Articles/Essays – Volume 42, No. 4

Brattle Street Elegy: My Personal Brand of Weirdness

In 1967 when I was eight years old, my family moved from Salt Lake to Cambridge. The building on Longfellow Park quickly became a symbol for what I had brought with me from Utah: a traditional faith and a culture that at first seemed at odds with the strange new world I encountered. 

It took a little while to be proud of that place. I blamed some of the culture shock I was feeling on that colonial architecture. It wasn’t the warm contemporary building that I was used to in the Federal Heights Ward in Salt Lake (another meetinghouse rare in its uniqueness and beauty). I remember absolutely dying of embarrassment when, at my mother’s behest, my carpool (not a churchgoer among them) would drop me off at the steps of the Cambridge Ward for Primary on Thursday afternoons. I was baptized there on a gray November Saturday afternoon, still homesick for Utah. 

But soon enough I figured out that being different was prized in the Harvard community of the late ’60s. I could embrace Mor monism as my personal brand of weirdness and be respected for it. 

I used the round glass window in the chapel to get me through sacrament meetings. (Remember when they were an hour and a half?!) You could count the squares, then divide them, rearrange them in your mind. There is a golden color of sacrament meeting light that came through the window that, in its own humble way was as unique as anything in a Venetian painting. 

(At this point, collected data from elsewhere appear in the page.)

(* If $Y^*\in\mathcal L^1(\mathcal Q)$ and $\rho_{\mathcal Q}$ is continuous from above at $0$, then (i) $\sup_{\tau\in\mathcal T}\inf_{\mathrm Q\in\overline{\mathcal Q}}\mathbb E_{\mathrm Q}[Y_\tau]=\sup_{\tau\in\mathcal T_f}\inf_{\mathrm Q\in\overline{\mathcal Q}}\mathbb E_{\mathrm Q}[Y_\tau]$; (ii) $\inf_{\mathrm Q\in\overline{\mathcal Q}}\sup_{\tau\in\mathcal T}\mathbb E_{\mathrm Q}[Y_\tau]=\inf_{\mathrm Q\in\overline{\mathcal Q}}\sup_{\tau\in\mathcal T_f}\mathbb E_{\mathrm Q}[Y_\tau]$.
   Context: Let $(\Omega,\mathcal F,(\mathcal F_t)_{0\le t\le T},\mathrm P)$ be a filtered probability space ($0<T<\infty$) with right-continuous filtration, $\mathcal F=\mathcal F_T$, $\mathcal F_0$ trivial and containing all $\mathrm P$-null sets. $\mathcal T$ is the set of stopping times $\tau\le T$ and $\mathcal T_f$ the set of those with finite range. $\mathcal Q$ is a nonempty set of probability measures on $\mathcal F$, each absolutely continuous w.r.t. $\mathrm P$. $\mathcal L^1(\mathcal Q)$ is the set of random variables $X$ with $\sup_{\mathrm Q\in\mathcal Q}\mathbb E_{\mathrm Q}[|X|]<\infty$. $Y=(Y_t)_{0\le t\le T}$ is a right-continuous adapted process with bounded paths, quasi left-uppersemicontinuous w.r.t. $\mathrm P$, and $Y^*:=\sup_{t\in[0,T]}|Y_t|$. $\mathcal X$ is the set of random variables $X$ with $|X|\le C(Y^*+1)$ $\mathrm P$-a.s. for some $C>0$; $\rho_{\mathcal Q}(X)=\sup_{\mathrm Q\in\mathcal Q}\mathbb E_{\mathrm Q}[X]$ for $X\in\mathcal X$; $\rho_{\mathcal Q}$ is continuous from above at $0$ if $\rho_{\mathcal Q}(X_n)\searrow0$ whenever $X_n\in\mathcal X$, $X_n\searrow0$ $\mathrm P$-a.s. $\overline{\mathcal Q}$ is the set of probability measures $\mathrm Q$ on $\mathcal F$ such that every $X\in\mathcal X$ is $\mathrm Q$-integrable and $\mathbb E_{\mathrm Q}[X]\le\rho_{\mathcal Q}(X)$ for all $X\in\mathcal X$. *)

theory Defs
  imports "HOL-Probability.Probability"
begin

definition standing_filtration :: "'a measure \<Rightarrow> real \<Rightarrow> (real \<Rightarrow> 'a set set) \<Rightarrow> bool" where
  "standing_filtration M T F \<longleftrightarrow>
     (\<forall>t\<in>{0..T}. sigma_algebra (space M) (F t)) \<and>
     (\<forall>s t. 0 \<le> s \<longrightarrow> s \<le> t \<longrightarrow> t \<le> T \<longrightarrow> F s \<subseteq> F t) \<and>
     (\<forall>t\<in>{0..<T}. F t = (\<Inter>s\<in>{t<..T}. F s)) \<and>
     F T = sets M \<and>
     (\<forall>A\<in>F 0. measure M A = 0 \<or> measure M A = 1) \<and>
     null_sets M \<subseteq> F 0"

definition stopping_times :: "'a measure \<Rightarrow> real \<Rightarrow> (real \<Rightarrow> 'a set set) \<Rightarrow> ('a \<Rightarrow> real) set" where
  "stopping_times M T F =
     {\<tau>. (\<forall>\<omega>\<in>space M. 0 \<le> \<tau> \<omega> \<and> \<tau> \<omega> \<le> T) \<and>
          (\<forall>t\<in>{0..T}. {\<omega>\<in>space M. \<tau> \<omega> \<le> t} \<in> F t)}"

definition finite_stopping_times :: "'a measure \<Rightarrow> real \<Rightarrow> (real \<Rightarrow> 'a set set) \<Rightarrow> ('a \<Rightarrow> real) set" where
  "finite_stopping_times M T F = {\<tau>\<in>stopping_times M T F. finite (\<tau> ` space M)}"

definition quasi_left_usc :: "'a measure \<Rightarrow> real \<Rightarrow> (real \<Rightarrow> 'a set set) \<Rightarrow> (real \<Rightarrow> 'a \<Rightarrow> real) \<Rightarrow> bool" where
  "quasi_left_usc M T F Y \<longleftrightarrow>
     (\<forall>\<sigma> \<tau>. (\<forall>n. \<sigma> n \<in> stopping_times M T F) \<longrightarrow> \<tau> \<in> stopping_times M T F \<longrightarrow>
        (\<forall>\<omega>\<in>space M. incseq (\<lambda>n. \<sigma> n \<omega>) \<and> (\<lambda>n. \<sigma> n \<omega>) \<longlonglongrightarrow> \<tau> \<omega>) \<longrightarrow>
        (AE \<omega> in M. limsup (\<lambda>n. ereal (Y (\<sigma> n \<omega>) \<omega>)) \<le> ereal (Y (\<tau> \<omega>) \<omega>)))"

Blessed are the children that get to grow up in student wards. Sure, our numbers were often few, but we got the very best teachers and role models you could ever ask for. I wanted to grow up and be like all those graduate students: loyal, smart, and always asking questions. These busy people not only taught us the gospel but coached us through roadshows on the stage, readied ungraceful teenagers for dance festivals, decorated the gym for dances … Thank you Connie Cannon, Diane Wilcox, Hal Miller, Cheryll and Dean May, Kathryn Kimball, Sandra Buys, Val Wise. One of my fondest memories in the gym was my Beehive basketball team’s Billy Jean King-inspired challenge to the Scouts. After several weeks of intense practice with coach Randy Wise, we were sure we could beat the boys. The media was alerted. On game night we came charging out with Helen Reddy’s voice blaring. We lost. With honor! 

It was always special to sing “I Heard the Bells on Christmas Day” in the Cambridge chapel, knowing that Longfellow wrote the text right next door. The choruses from Messiah I have memorized were learned in the chapel choir seats under the direction of Judy Dushku. And who out there was lucky enough to hear the amazing performance of Bach’s Mass in B Minor on Easter Sunday in 1981? (Thank you, Paul Dredge!) In addition to filling every choir seat, we squeezed a fine orchestra, including two beautiful kettle drums, around the piano and the sacrament table. Tympani in a sacrament meeting! Only in Cambridge. 

I ended up being a Harvard student myself; and no matter what chaos was going on in my life, the Sunday walk along Memorial Drive from Eliot House to Longfellow Park was always therapeutic. When the guy I’d been dating for two years finally said, “I think we’d better see the missionaries,” it wasn’t long before he was baptized in the Cambridge font. Our last calling before leaving Cambridge was Primary music in that sweet little room upstairs with the teeny little pews. My favorite Sunday was reenacting the First Vision where a little female Sunbeam was cast as God the Father.